• _WORK TO COMPLETE_
Among the entries below, find the lines holding "define" and copy them.

(Stored items)
────────────────────────────────────────
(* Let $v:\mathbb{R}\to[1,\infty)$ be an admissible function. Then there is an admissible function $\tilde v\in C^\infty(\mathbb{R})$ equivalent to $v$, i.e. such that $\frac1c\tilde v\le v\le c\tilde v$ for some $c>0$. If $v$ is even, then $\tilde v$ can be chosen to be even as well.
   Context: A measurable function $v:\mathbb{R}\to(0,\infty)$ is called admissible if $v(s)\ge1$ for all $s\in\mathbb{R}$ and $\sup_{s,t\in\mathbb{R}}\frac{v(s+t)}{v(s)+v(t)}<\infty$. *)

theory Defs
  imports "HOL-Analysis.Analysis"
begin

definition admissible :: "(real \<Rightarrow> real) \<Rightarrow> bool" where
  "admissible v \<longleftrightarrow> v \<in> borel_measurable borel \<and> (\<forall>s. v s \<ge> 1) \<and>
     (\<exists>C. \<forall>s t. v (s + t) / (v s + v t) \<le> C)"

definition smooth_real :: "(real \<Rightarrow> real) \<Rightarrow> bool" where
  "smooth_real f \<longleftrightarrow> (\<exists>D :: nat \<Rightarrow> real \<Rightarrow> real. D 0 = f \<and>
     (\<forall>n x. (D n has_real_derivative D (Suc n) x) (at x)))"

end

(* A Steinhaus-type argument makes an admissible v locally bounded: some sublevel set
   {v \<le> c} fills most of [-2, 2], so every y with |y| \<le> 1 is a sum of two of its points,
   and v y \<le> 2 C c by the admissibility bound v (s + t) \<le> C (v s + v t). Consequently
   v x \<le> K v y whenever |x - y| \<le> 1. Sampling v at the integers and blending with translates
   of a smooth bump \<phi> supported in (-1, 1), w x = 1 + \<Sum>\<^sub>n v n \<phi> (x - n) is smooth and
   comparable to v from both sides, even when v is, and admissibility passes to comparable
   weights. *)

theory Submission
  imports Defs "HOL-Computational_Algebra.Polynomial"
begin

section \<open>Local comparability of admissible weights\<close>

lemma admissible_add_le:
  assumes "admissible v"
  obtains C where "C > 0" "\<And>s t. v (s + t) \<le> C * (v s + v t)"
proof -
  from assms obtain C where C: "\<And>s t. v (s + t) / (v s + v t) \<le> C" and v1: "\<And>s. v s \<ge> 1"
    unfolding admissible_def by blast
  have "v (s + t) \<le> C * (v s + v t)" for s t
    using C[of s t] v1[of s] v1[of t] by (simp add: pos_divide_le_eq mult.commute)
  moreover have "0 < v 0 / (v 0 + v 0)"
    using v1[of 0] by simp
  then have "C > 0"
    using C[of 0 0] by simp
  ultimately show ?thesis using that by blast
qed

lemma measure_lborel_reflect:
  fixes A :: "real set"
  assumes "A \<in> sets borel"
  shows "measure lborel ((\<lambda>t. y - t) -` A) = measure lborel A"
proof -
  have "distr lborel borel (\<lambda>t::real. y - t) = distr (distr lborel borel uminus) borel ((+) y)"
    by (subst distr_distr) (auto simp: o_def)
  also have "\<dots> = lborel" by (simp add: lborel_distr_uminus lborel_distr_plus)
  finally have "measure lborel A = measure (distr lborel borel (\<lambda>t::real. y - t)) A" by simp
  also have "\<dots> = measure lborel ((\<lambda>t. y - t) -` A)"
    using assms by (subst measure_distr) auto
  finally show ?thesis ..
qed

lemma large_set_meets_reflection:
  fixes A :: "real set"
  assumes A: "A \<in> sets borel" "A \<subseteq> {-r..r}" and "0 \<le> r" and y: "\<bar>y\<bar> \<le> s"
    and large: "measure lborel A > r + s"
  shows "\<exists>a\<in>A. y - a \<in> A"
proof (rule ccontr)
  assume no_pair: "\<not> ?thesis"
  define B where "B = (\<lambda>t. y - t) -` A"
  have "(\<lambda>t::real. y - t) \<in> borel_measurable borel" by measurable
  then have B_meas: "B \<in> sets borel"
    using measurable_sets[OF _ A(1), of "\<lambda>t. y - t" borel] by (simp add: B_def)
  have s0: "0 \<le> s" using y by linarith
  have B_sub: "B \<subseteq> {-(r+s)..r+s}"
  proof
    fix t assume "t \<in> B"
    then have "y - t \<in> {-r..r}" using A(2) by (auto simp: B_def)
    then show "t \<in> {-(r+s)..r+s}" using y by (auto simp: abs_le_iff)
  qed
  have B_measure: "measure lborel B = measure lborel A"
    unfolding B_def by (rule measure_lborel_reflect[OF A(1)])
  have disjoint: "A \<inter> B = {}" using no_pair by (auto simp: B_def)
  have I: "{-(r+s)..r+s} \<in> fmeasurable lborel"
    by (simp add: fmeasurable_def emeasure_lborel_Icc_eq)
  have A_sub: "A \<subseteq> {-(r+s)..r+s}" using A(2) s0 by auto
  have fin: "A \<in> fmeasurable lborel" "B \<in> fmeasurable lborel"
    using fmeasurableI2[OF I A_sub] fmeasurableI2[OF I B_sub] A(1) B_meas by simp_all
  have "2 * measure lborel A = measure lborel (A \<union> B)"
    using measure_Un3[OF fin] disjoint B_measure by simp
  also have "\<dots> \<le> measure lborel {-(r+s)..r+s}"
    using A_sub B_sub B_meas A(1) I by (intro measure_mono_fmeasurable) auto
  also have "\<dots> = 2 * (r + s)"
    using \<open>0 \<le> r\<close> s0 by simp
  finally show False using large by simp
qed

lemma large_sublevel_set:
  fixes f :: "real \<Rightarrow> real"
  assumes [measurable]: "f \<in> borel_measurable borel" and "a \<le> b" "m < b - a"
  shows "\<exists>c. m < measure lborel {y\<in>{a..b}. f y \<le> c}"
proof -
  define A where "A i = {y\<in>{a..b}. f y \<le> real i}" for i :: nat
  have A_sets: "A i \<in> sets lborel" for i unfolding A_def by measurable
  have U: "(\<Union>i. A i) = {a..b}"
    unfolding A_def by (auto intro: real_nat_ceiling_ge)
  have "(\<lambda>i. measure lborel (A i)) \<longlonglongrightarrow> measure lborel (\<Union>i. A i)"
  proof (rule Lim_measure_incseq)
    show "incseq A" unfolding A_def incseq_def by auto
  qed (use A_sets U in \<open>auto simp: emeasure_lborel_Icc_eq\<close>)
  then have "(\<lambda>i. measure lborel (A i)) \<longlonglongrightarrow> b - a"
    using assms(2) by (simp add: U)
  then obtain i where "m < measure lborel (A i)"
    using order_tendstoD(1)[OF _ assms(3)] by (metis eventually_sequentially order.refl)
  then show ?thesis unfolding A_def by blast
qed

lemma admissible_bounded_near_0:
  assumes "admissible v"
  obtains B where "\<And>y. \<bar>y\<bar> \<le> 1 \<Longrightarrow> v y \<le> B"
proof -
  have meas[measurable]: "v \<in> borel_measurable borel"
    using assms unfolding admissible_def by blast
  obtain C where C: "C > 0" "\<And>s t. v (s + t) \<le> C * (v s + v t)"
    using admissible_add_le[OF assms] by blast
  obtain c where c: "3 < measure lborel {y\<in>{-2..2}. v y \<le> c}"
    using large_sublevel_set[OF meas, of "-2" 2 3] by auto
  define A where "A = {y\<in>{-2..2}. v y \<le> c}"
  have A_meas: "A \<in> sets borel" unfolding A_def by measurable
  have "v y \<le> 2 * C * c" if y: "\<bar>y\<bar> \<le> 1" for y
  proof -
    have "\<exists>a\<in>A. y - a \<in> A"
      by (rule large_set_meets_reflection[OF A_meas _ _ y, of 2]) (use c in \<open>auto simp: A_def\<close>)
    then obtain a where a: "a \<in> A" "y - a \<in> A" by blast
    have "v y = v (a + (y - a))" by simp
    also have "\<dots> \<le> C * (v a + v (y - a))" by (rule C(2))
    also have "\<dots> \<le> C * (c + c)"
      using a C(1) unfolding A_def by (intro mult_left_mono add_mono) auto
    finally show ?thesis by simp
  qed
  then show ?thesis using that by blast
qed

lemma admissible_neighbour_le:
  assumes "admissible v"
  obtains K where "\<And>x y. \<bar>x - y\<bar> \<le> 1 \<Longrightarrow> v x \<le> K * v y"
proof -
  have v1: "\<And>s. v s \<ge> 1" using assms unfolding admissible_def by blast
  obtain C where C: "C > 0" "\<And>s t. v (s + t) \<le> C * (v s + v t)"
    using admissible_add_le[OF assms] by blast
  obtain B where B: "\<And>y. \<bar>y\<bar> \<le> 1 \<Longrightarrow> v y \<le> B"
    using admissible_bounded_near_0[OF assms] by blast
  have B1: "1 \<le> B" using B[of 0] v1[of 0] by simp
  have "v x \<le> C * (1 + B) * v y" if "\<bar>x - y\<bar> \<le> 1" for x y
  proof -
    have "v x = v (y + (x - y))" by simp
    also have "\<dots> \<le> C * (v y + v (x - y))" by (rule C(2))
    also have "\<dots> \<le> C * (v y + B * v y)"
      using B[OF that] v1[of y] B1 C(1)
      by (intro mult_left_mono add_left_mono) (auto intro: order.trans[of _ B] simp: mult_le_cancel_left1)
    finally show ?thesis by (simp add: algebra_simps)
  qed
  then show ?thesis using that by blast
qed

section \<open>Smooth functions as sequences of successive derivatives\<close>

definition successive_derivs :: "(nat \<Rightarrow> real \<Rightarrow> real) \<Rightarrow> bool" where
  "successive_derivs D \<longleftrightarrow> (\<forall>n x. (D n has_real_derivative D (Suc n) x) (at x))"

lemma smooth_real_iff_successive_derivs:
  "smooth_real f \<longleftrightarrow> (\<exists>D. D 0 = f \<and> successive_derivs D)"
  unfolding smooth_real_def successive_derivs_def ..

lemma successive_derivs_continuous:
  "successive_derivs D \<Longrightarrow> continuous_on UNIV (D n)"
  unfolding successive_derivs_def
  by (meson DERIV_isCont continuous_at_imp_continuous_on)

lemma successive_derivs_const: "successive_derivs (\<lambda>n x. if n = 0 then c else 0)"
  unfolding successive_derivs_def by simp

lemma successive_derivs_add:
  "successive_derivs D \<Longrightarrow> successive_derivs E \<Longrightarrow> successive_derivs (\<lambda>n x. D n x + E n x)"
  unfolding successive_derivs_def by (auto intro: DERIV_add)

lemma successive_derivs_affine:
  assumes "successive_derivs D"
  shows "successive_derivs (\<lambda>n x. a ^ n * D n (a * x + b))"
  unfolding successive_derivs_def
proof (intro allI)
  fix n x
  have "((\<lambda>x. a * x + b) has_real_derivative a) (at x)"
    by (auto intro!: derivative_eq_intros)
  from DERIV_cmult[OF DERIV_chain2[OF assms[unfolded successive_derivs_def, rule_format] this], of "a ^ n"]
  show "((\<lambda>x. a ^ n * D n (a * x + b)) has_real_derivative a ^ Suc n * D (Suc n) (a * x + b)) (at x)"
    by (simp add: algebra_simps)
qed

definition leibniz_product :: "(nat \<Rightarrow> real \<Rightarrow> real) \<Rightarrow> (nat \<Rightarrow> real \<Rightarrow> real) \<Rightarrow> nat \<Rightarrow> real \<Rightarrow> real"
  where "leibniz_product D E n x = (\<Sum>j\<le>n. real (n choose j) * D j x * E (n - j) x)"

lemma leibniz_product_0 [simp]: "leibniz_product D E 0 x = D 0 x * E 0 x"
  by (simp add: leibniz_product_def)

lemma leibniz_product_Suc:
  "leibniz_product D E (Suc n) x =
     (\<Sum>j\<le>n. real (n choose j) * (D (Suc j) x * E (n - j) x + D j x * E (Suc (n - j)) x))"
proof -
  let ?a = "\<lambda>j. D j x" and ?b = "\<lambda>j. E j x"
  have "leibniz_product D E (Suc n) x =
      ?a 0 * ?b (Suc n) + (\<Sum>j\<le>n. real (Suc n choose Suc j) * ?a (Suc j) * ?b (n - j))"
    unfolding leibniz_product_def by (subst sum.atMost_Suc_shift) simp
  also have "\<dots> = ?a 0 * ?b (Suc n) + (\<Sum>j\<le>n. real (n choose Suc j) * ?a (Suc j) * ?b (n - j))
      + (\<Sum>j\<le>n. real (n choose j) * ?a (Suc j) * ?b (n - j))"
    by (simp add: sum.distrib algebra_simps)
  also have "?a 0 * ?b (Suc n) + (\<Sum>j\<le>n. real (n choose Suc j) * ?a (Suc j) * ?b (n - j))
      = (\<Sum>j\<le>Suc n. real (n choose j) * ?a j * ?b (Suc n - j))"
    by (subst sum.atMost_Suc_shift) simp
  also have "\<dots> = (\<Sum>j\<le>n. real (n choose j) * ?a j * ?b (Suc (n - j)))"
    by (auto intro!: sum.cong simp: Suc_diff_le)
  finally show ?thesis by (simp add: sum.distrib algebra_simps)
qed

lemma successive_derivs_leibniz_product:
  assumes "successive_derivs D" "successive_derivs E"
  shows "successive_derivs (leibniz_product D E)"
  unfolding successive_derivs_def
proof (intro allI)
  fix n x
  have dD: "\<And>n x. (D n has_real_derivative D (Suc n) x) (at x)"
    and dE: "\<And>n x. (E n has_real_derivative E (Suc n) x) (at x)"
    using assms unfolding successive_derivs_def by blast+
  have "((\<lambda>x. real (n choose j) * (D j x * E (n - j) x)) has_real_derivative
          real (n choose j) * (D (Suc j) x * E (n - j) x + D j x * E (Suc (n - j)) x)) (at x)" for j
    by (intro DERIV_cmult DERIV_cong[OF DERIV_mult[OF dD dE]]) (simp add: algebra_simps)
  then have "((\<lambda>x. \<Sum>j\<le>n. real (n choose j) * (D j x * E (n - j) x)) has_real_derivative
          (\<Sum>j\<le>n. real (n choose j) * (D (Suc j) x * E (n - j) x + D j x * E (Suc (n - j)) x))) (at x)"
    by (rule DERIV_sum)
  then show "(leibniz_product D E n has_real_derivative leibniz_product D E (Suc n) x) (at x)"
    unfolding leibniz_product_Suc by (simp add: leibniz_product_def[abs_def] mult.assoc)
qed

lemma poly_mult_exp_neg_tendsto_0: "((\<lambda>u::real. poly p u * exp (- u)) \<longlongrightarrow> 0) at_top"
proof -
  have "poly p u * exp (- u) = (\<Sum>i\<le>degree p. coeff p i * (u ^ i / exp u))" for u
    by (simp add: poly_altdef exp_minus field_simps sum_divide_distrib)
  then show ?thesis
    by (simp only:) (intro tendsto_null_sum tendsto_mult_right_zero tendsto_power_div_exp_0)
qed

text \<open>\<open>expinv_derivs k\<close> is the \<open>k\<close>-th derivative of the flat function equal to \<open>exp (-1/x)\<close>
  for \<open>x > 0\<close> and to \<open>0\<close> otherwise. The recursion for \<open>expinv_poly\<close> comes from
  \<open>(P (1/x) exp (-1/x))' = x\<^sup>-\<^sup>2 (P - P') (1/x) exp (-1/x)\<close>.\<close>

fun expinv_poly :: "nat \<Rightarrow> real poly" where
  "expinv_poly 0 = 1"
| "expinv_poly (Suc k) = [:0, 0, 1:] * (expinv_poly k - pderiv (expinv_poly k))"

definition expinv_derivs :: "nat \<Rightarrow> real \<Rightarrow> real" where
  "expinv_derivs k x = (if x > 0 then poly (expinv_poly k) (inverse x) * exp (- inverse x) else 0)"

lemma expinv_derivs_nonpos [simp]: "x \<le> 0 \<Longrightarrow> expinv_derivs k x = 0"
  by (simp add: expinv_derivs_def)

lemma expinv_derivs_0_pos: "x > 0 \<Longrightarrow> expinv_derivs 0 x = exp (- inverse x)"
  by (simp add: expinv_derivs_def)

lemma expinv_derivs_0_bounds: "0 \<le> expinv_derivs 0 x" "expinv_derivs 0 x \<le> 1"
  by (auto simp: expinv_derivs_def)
────────────────────────────────────────
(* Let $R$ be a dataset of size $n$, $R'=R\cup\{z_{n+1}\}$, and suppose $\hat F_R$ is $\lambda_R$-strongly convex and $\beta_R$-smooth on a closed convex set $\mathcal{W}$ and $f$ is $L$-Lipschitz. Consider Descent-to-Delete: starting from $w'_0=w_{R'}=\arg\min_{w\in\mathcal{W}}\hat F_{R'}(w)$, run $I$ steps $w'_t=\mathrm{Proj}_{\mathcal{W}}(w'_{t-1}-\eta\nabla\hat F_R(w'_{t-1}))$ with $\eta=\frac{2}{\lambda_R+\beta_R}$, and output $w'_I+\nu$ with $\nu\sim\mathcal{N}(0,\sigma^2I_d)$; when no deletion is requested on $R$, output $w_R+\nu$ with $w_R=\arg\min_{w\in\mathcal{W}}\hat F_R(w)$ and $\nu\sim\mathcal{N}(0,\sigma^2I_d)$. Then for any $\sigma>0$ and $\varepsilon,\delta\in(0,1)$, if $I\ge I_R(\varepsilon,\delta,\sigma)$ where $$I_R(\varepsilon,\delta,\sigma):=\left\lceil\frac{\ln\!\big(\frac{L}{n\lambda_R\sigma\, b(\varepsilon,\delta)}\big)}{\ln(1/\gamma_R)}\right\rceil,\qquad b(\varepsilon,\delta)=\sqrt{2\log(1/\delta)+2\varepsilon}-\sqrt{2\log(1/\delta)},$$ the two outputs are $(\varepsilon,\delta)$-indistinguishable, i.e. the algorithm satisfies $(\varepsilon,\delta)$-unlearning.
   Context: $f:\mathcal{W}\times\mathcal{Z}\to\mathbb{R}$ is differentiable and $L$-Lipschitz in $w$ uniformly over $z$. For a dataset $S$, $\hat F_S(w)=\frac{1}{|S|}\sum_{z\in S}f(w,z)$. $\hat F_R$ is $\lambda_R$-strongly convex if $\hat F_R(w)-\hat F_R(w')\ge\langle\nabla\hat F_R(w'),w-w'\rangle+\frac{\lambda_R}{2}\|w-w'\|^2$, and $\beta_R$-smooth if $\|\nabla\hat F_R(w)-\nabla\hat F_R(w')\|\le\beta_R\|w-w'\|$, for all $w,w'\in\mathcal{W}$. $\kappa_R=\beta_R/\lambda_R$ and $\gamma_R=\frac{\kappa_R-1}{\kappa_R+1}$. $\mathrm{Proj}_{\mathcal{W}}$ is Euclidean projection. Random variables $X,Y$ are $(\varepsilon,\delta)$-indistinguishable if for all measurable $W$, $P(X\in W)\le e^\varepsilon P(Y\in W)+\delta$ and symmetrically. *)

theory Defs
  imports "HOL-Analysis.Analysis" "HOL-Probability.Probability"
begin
────────────────────────────────────────
• _OUTPUT_
  define B where "B = (\<lambda>t. y - t) -` A"
  define A where "A i = {y\<in>{a..b}. f y \<le> real i}" for i :: nat
  define A where "A = {y\<in>{-2..2}. v y \<le> c}"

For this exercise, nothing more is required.